Post by
carbide on Dec 24, 2021 1:18am
Related party transaction
Lundins own 13% of LUN mining and 39% of JOSE. Which side of the table did you think would get the better deal?
The project is mediocre. 15% IRR. $3.1 billion capex and $1.5 billion NPV8. In a capital unfriendly jurisdiction. You can point to conservative copper price of $3/lb, but the increase in the price will probably be absorbed by inflation in capex and opex. I can hardly think of a 15% IRR FS which actually made good money. 15% is a good return, but the estimates in these studies are always optimistic. 15% IRR FS equals more like a 0-5% actual return in the real world.
On the conference call an analyst asked if there were any other bidders. It was turned over by Lundin to Josemaria, and the CEO dodged the question twice, saying the sale was the best thing for shareholders. Another analyst pointed to the pivot in LUN strategy from buying non-core producing mines from majors at cheap prices (low risk, accretive) to greenfield development (high risk, and probably not accretive relative to their own cost of equity).

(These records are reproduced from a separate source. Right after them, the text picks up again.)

text \<open>S_infinity(Y): all bijections of Y, represented as extensional functions
  (value undefined outside Y), i.e. the points of the product space Y^Y.\<close>
definition Sinf :: "'a set \<Rightarrow> ('a \<Rightarrow> 'a) set" where
  "Sinf Y = {f. f \<in> extensional Y \<and> bij_betw f Y Y}"

definition Sinf_top :: "'a set \<Rightarrow> ('a \<Rightarrow> 'a) topology" where
  "Sinf_top Y = subtopology (product_topology (\<lambda>_. discrete_topology Y) Y) (Sinf Y)"

definition pinj :: "'a set \<Rightarrow> ('a \<rightharpoonup> 'a) set" where
  "pinj X = {f. dom f \<subseteq> X \<and> ran f \<subseteq> X \<and> inj_on f (dom f)}"

definition vset :: "'a set \<Rightarrow> 'a \<Rightarrow> 'a \<Rightarrow> ('a \<rightharpoonup> 'a) set" where
  "vset X x y = {f \<in> pinj X. x \<in> dom f \<and> f x = Some y}"

definition w1set :: "'a set \<Rightarrow> 'a \<Rightarrow> ('a \<rightharpoonup> 'a) set" where
  "w1set X x = {f \<in> pinj X. x \<notin> dom f}"

definition w2set :: "'a set \<Rightarrow> 'a \<Rightarrow> ('a \<rightharpoonup> 'a) set" where
  "w2set X y = {f \<in> pinj X. y \<notin> ran f}"

text \<open>tau_pp: topology on I(X) generated by the subbasis of all v(x,y), w1(x), w2(y)
  (x, y in X); the whole space I(X) is added so that it is open even when X is empty.\<close>
definition tau_pp :: "'a set \<Rightarrow> ('a \<rightharpoonup> 'a) topology" where
  "tau_pp X = topology_generated_by
     (insert (pinj X)
       ({vset X x y | x y. x \<in> X \<and> y \<in> X} \<union> {w1set X x | x. x \<in> X} \<union> {w2set X y | y. y \<in> X}))"

definition hat :: "'a set \<Rightarrow> ('a \<Rightarrow> 'a) \<Rightarrow> ('a \<rightharpoonup> 'a)" where
  "hat X f = (\<lambda>x. if x \<in> X \<and> f x \<in> X then Some (f x) else None)"

end

theory Submission
  imports Defs
begin

text \<open>Fix an injection \<open>h\<close> of \<open>M\<close> into \<open>Y - M\<close>. Then every partial bijection \<open>P\<close> between
  subsets of \<open>M\<close> extends to a permutation of \<open>Y\<close> that sends \<open>M - dom P\<close> out of \<open>M\<close>;
  with \<open>M = X\<close> its restriction \<open>hat X\<close> is the given partial bijection, whence surjectivity.
  Continuity holds because every subbasic set of \<open>\<tau>\<^sub>p\<^sub>p\<close> pulls back to a union of sets
  \<open>{f. f x \<in> B}\<close>. For openness, a basic neighbourhood of \<open>f\<close> prescribes \<open>f\<close> on a finite
  \<open>F \<subseteq> Y\<close>, and its image contains the \<open>\<tau>\<^sub>p\<^sub>p\<close>-neighbourhood of \<open>hat X f\<close> recording how \<open>f\<close>
  moves the points of \<open>F\<close> relative to \<open>X\<close>: if \<open>X\<close> is finite one takes all of \<open>X\<close> instead
  of \<open>F\<close> and the neighbourhood is a point; if \<open>X\<close> is infinite, \<open>M = X \<union> F \<union> f ` F\<close> still
  satisfies \<open>M \<lesssim> Y - M\<close>, and extending each \<open>q\<close> of the neighbourhood glued with \<open>f\<close> on \<open>F\<close>
  yields a permutation in the basic neighbourhood whose restriction is \<open>q\<close>.\<close>

lemma Sinf_bij_betw: "f \<in> Sinf Y \<Longrightarrow> bij_betw f Y Y"
  by (simp add: Sinf_def)

lemma Sinf_mem: "f \<in> Sinf Y \<Longrightarrow> x \<in> Y \<Longrightarrow> f x \<in> Y"
  using Sinf_bij_betw bij_betwE by blast

lemma Sinf_inj_on: "f \<in> Sinf Y \<Longrightarrow> inj_on f Y"
  using Sinf_bij_betw bij_betw_imp_inj_on by blast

This was a special deal because the junior had a special share registry. The controlling shareholder realised it was a pretty lacklustre orebody going into the dull permitting and financing period, a.k.a., Lassonde valley of death, it could not self-finance the massive capex at a US$ 300-400M cap, and no other major would buy it. So it got bolted on to Papa Lundin. No shareholder approval required to transact only 10% of the firm's capital.
To answer a question on the board here, I would be very surprised if there were another bidder. A white night come to rescue poor JOSE shareholders from the low-ball offer. Ha!